Gerry Valentine May 16, 2017

Martin Luther King Jr. once said, “The time is always right to do right.” We’re at a moment in history that is much more than the right time for business to do what’s right. We have an unprecedented opportunity to use the voice of business to focus our society on real solutions, to stand up against injustice, and to use the power of business as an instrument for healing.

No matter where you may fall on the political spectrum, as values-based leaders we can all agree that the current environment of rising insecurity, fear, hate speech, and violence is disturbing and dangerous. We’re witnessing a US presidential administration that perpetuates the cycle of fear, and is actively dismantling hard-won progress on many important fronts: protections for the planet, social justice, and economic equality. But this moment is about much more than a single individual or political ideology — it’s a referendum on an economic system that has left large swaths of the population behind. Conventional business practices are a big part of that economic system.

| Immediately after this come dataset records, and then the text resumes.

(* Let $A_p\in C[0,\infty)$ be real-valued and consider the Maxwell--Bloch system on $\mathbb X=\mathbb R^2\times S^3$, \[ \dot A=B,\quad \dot B=-\Omega^2A-\sigma B+cj,\quad i\hbar\dot C_1=\hbar\omega_1C_1+iaC_2,\quad i\hbar\dot C_2=\hbar\omega_2C_2-iaC_1, \] with $j=2q\,\mathrm{Im}[\overline{C_1}C_2]$, $a(t)=\frac qc[A(t)+A_p(t)]$, and its reduced dynamics $\dot Y=F(Y,t)$ on $\mathbb Y=\mathbb R^2\times S^2$. Let $T>0$, let $Y(t)=(A(t),B(t),C_*(t))$ be a $T$-periodic solution of the reduced dynamics, and let $\hat Y(t)=(\hat A(t),\hat B(t),\hat C(t))$ be the solution of the Maxwell--Bloch system with any initial state $\hat Y(0)\in\Pi^{-1}(Y(0))$. Then $(\hat A(t),\hat B(t))$, the current $j(t)=2q\,\mathrm{Im}[\overline{\hat C_1(t)}\hat C_2(t)]$ and the population inversion $I(t)=|\hat C_2(t)|^2-|\hat C_1(t)|^2$ are $T$-periodic, while for every $t\ge0$ there is $\theta(t)\in[0,2\pi]$ with $\hat C(t+T)=e^{i\theta(t)}\hat C(t)$.
   Context: Parameters: $\Omega,\sigma,c,\hbar,p>0$, real $\omega_2>\omega_1$, $\omega=\omega_2-\omega_1$, $q=\omega p$. $S^3=\{C=(C_1,C_2)\in\mathbb C^2:|C_1|^2+|C_2|^2=1\}$. $U(1)$ acts on $\mathbb X$ by $(A,B,C)\mapsto(A,B,e^{i\theta}C)$, commuting with the flow. $\Pi(A,B,C)=(A,B,h(C))$ with $h:S^3\to S^2$ the Hopf fibration identifies $\mathbb X/U(1)$ with $\mathbb Y=\mathbb R^2\times S^2$; the reduced dynamics $\dot Y=F(Y,t)$ is the induced vector field on $\mathbb Y$, so that $\Pi$ maps Maxwell--Bloch solutions to reduced solutions. *)

theory Defs
  imports "HOL-Analysis.Analysis"
begin

type_synonym mb_state = "real \<times> real \<times> (complex \<times> complex)"
type_synonym red_state = "real \<times> real \<times> (real \<times> real \<times> real)"

definition S3 :: "(complex \<times> complex) set" where
  "S3 = {C. (cmod (fst C))\<^sup>2 + (cmod (snd C))\<^sup>2 = 1}"

definition S2 :: "(real \<times> real \<times> real) set" where
  "S2 = {(x, y, z). x\<^sup>2 + y\<^sup>2 + z\<^sup>2 = 1}"

definition MB_space :: "mb_state set" where
  "MB_space = UNIV \<times> UNIV \<times> S3"

definition red_space :: "red_state set" where
  "red_space = UNIV \<times> UNIV \<times> S2"

definition hopf :: "complex \<times> complex \<Rightarrow> real \<times> real \<times> real" where
  "hopf C = (2 * Re (cnj (fst C) * snd C), 2 * Im (cnj (fst C) * snd C),
             (cmod (fst C))\<^sup>2 - (cmod (snd C))\<^sup>2)"

definition Pi_map :: "mb_state \<Rightarrow> red_state" where
  "Pi_map X = (fst X, fst (snd X), hopf (snd (snd X)))"

definition MB_field ::
  "real \<Rightarrow> real \<Rightarrow> real \<Rightarrow> real \<Rightarrow> real \<Rightarrow> real \<Rightarrow> real \<Rightarrow> (real \<Rightarrow> real)
   \<Rightarrow> real \<Rightarrow> mb_state \<Rightarrow> mb_state" where
  "MB_field \<Omega> \<sigma> c hbar p \<omega>1 \<omega>2 Ap t X =
    (let q = (\<omega>2 - \<omega>1) * p;
         A = fst X; B = fst (snd X); C1 = fst (snd (snd X)); C2 = snd (snd (snd X));
         j = 2 * q * Im (cnj C1 * C2);
         a = q / c * (A + Ap t)
     in (B,
         - (\<Omega>\<^sup>2) * A - \<sigma> * B + c * j,
         ((complex_of_real (hbar * \<omega>1) * C1 + \<i> * complex_of_real a * C2) / (\<i> * complex_of_real hbar),
          (complex_of_real (hbar * \<omega>2) * C2 - \<i> * complex_of_real a * C1) / (\<i> * complex_of_real hbar))))"

definition MB_solution ::
  "real \<Rightarrow> real \<Rightarrow> real \<Rightarrow> real \<Rightarrow> real \<Rightarrow> real \<Rightarrow> real \<Rightarrow> (real \<Rightarrow> real)
   \<Rightarrow> (real \<Rightarrow> mb_state) \<Rightarrow> bool" where
  "MB_solution \<Omega> \<sigma> c hbar p \<omega>1 \<omega>2 Ap Xs \<longleftrightarrow>
     (\<forall>t\<ge>0. Xs t \<in> MB_space \<and>
        (Xs has_vector_derivative MB_field \<Omega> \<sigma> c hbar p \<omega>1 \<omega>2 Ap t (Xs t)) (at t within {0..}))"

text \<open>Reduced dynamics Y' = F(Y,t): F is the vector field on Y = R^2 x S^2 induced by Pi,
  i.e. F(Pi X, t) = D Pi_X (V(X,t)) for every X in the fibre (well defined by U(1)-equivariance).\<close>
definition red_solution ::
  "real \<Rightarrow> real \<Rightarrow> real \<Rightarrow> real \<Rightarrow> real \<Rightarrow> real \<Rightarrow> real \<Rightarrow> (real \<Rightarrow> real)
   \<Rightarrow> (real \<Rightarrow> red_state) \<Rightarrow> bool" where
  "red_solution \<Omega> \<sigma> c hbar p \<omega>1 \<omega>2 Ap Ys \<longleftrightarrow>
     (\<forall>t\<ge>0. Ys t \<in> red_space \<and>
        (\<forall>X\<in>MB_space. Pi_map X = Ys t \<longrightarrow>
           (Ys has_vector_derivative
              frechet_derivative Pi_map (at X) (MB_field \<Omega> \<sigma> c hbar p \<omega>1 \<omega>2 Ap t X))
           (at t within {0..})))"

end

theory Submission
  imports Defs
begin

text \<open>Both \<open>\<Pi>(X(t))\<close> and \<open>Y(t)\<close> solve the reduced equation \<open>Y' = F(Y, t)\<close> with the
  same initial value. \<open>F\<close> is not Lipschitz, since its Bloch part rotates the \<open>(x, z)\<close>-plane of
  \<open>S\<^sup>2\<close> at the unbounded rate \<open>2q(A + A\<^sub>p)/(c hbar)\<close>; but a rotation is skew and drops out
  of \<open>\<langle>Y\<^sub>1 - Y\<^sub>2, F(Y\<^sub>1) - F(Y\<^sub>2)\<rangle>\<close>, leaving a one-sided Lipschitz bound as soon as \<open>Y\<^sub>2\<close>
  lies on \<open>S\<^sup>2\<close>. Gronwall's argument then gives \<open>\<Pi>(X(t)) = Y(t)\<close>, so \<open>\<Pi>(X(t + T)) = \<Pi>(X(t))\<close>.
  The quantities \<open>A, B, j, I\<close> are functions of \<open>\<Pi>(X)\<close>, and the fibres of the Hopf map are
  \<open>U(1)\<close>-orbits, which yields the phase \<open>\<theta>(t)\<close>. Continuity of \<open>A\<^sub>p\<close> and the signs of
  \<open>\<Omega>, p, \<omega>\<close> only matter for the existence of solutions, which is assumed here.\<close>

lemma unit_complex_eq_exp:
  assumes "cmod u = 1"
  shows "\<exists>\<theta>\<in>{0..2*pi}. u = exp (\<i> * complex_of_real \<theta>)"
  using Arg2pi[of u] assms by (intro bexI[of _ "Arg2pi u"]) (auto simp: is_Arg_def)

lemma mult_le_sum_squares:
  fixes m a b M s :: real
  assumes "\<bar>m\<bar> \<le> M" "a\<^sup>2 + b\<^sup>2 \<le> s"
  shows "m * a * b \<le> M * s"
proof -
  have "\<bar>a * b\<bar> \<le> (a\<^sup>2 + b\<^sup>2) / 2"
    using zero_le_power2[of "\<bar>a\<bar> - \<bar>b\<bar>"] by (simp add: power2_eq_square algebra_simps abs_mult)
  with assms(2) have "\<bar>a * b\<bar> \<le> s" by simp
  have "m * a * b \<le> \<bar>m\<bar> * \<bar>a * b\<bar>"
    by (metis abs_ge_self abs_mult mult.assoc)
  also have "\<dots> \<le> M * s"
    using assms(1) \<open>\<bar>a * b\<bar> \<le> s\<close> by (intro mult_mono) auto
  finally show ?thesis .
qed

lemma gronwall_vanishing:
  fixes f f' :: "real \<Rightarrow> real"
  assumes deriv: "\<And>s. s \<ge> 0 \<Longrightarrow> (f has_real_derivative f' s) (at s within {0..})"
    and bound: "\<And>s. s \<ge> 0 \<Longrightarrow> f' s \<le> K * f s"
    and nonneg: "\<And>s. s \<ge> 0 \<Longrightarrow> f s \<ge> 0"
    and "f 0 = 0" "t \<ge> 0"
  shows "f t = 0"
proof -
  define e where "e s = f s * exp (- K * s)" for s
  have "(e has_real_derivative (f' s - K * f s) * exp (- K * s)) (at s within {0..t})"
    if "0 \<le> s" for s
  proof -
    have "(f has_real_derivative f' s) (at s within {0..t})"
      using deriv[OF that] by (rule has_field_derivative_subset) auto
    then show ?thesis
      unfolding e_def by (auto intro!: derivative_eq_intros simp: algebra_simps)
  qed
  then obtain s where "s \<in> {0..t}" and mvt: "e t - e 0 = (t - 0) * ((f' s - K * f s) * exp (- K * s))"
    using mvt_very_simple[OF \<open>t \<ge> 0\<close>, of e "\<lambda>s. (*) ((f' s - K * f s) * exp (- K * s))"]
    by (auto simp: has_field_derivative_def mult.commute)
  moreover from \<open>s \<in> {0..t}\<close> have "(f' s - K * f s) * exp (- K * s) \<le> 0"
    using bound by (simp add: mult_nonpos_nonneg)
  ultimately have "e t \<le> 0"
    using \<open>t \<ge> 0\<close> \<open>f 0 = 0\<close> by (simp add: e_def mult_nonneg_nonpos)
  then show ?thesis
    using nonneg[OF \<open>t \<ge> 0\<close>] by (simp add: e_def mult_le_0_iff)
qed

lemma one_sided_lipschitz_uniqueness:
  fixes u v :: "real \<Rightarrow> 'a::real_inner"
  assumes u: "\<And>s. s \<ge> 0 \<Longrightarrow> (u has_vector_derivative F s (u s)) (at s within {0..})"
    and v: "\<And>s. s \<ge> 0 \<Longrightarrow> (v has_vector_derivative F s (v s)) (at s within {0..})"
    and lip: "\<And>s. s \<ge> 0 \<Longrightarrow> inner (u s - v s) (F s (u s) - F s (v s)) \<le> K * (norm (u s - v s))\<^sup>2"
    and "u 0 = v 0" "t \<ge> 0"
  shows "u t = v t"
proof -
  define f where "f s = inner (u s - v s) (u s - v s)" for s
  have "(f has_real_derivative 2 * inner (u s - v s) (F s (u s) - F s (v s))) (at s within {0..})"
    if "s \<ge> 0" for s
  proof -
    have "((\<lambda>s. u s - v s) has_derivative (\<lambda>h. h *\<^sub>R (F s (u s) - F s (v s)))) (at s within {0..})"
      using has_vector_derivative_diff[OF u[OF that] v[OF that]]
      unfolding has_vector_derivative_def .
    from has_derivative_inner[OF this this] show ?thesis
      unfolding f_def has_field_derivative_def
      by (rule has_derivative_eq_rhs) (simp add: fun_eq_iff inner_commute algebra_simps)
  qed
  moreover have "2 * inner (u s - v s) (F s (u s) - F s (v s)) \<le> (2 * K) * f s" if "s \<ge> 0" for s
    using lip[OF that] by (simp add: f_def power2_norm_eq_inner)
  ultimately have "f t = 0"
    by (rule gronwall_vanishing) (simp_all add: f_def \<open>u 0 = v 0\<close> \<open>t \<ge> 0\<close>)
  then show ?thesis by (simp add: f_def)
qed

Many Americans face a bleak economic picture: 49 percent of US families with children are income insecure, meaning that they live below 250 percent of the federal poverty level; 55 percent of US households don’t have enough savings to cover a three-month disruption in income, such as a lost job or illness; 30 percent of Baby Boomers (people age 55 or older) have no retirement savings. Although the US economy has more than doubled since 1980, wages for Americans in the bottom 50 percent of earners have not increased. At the same time, income for the top 1 percent has more than tripled. Corporate profits have reached record highs, much of it due to dramatic advances in technological innovation.

Conventional thinking says that business growth through innovation is the engine of economic empowerment. And, with the appropriate protections for workers — i.e., labor unions and workplace safety legislation — economic growth is shared across many levels of society. However, recent technological innovation has brought a different dynamic.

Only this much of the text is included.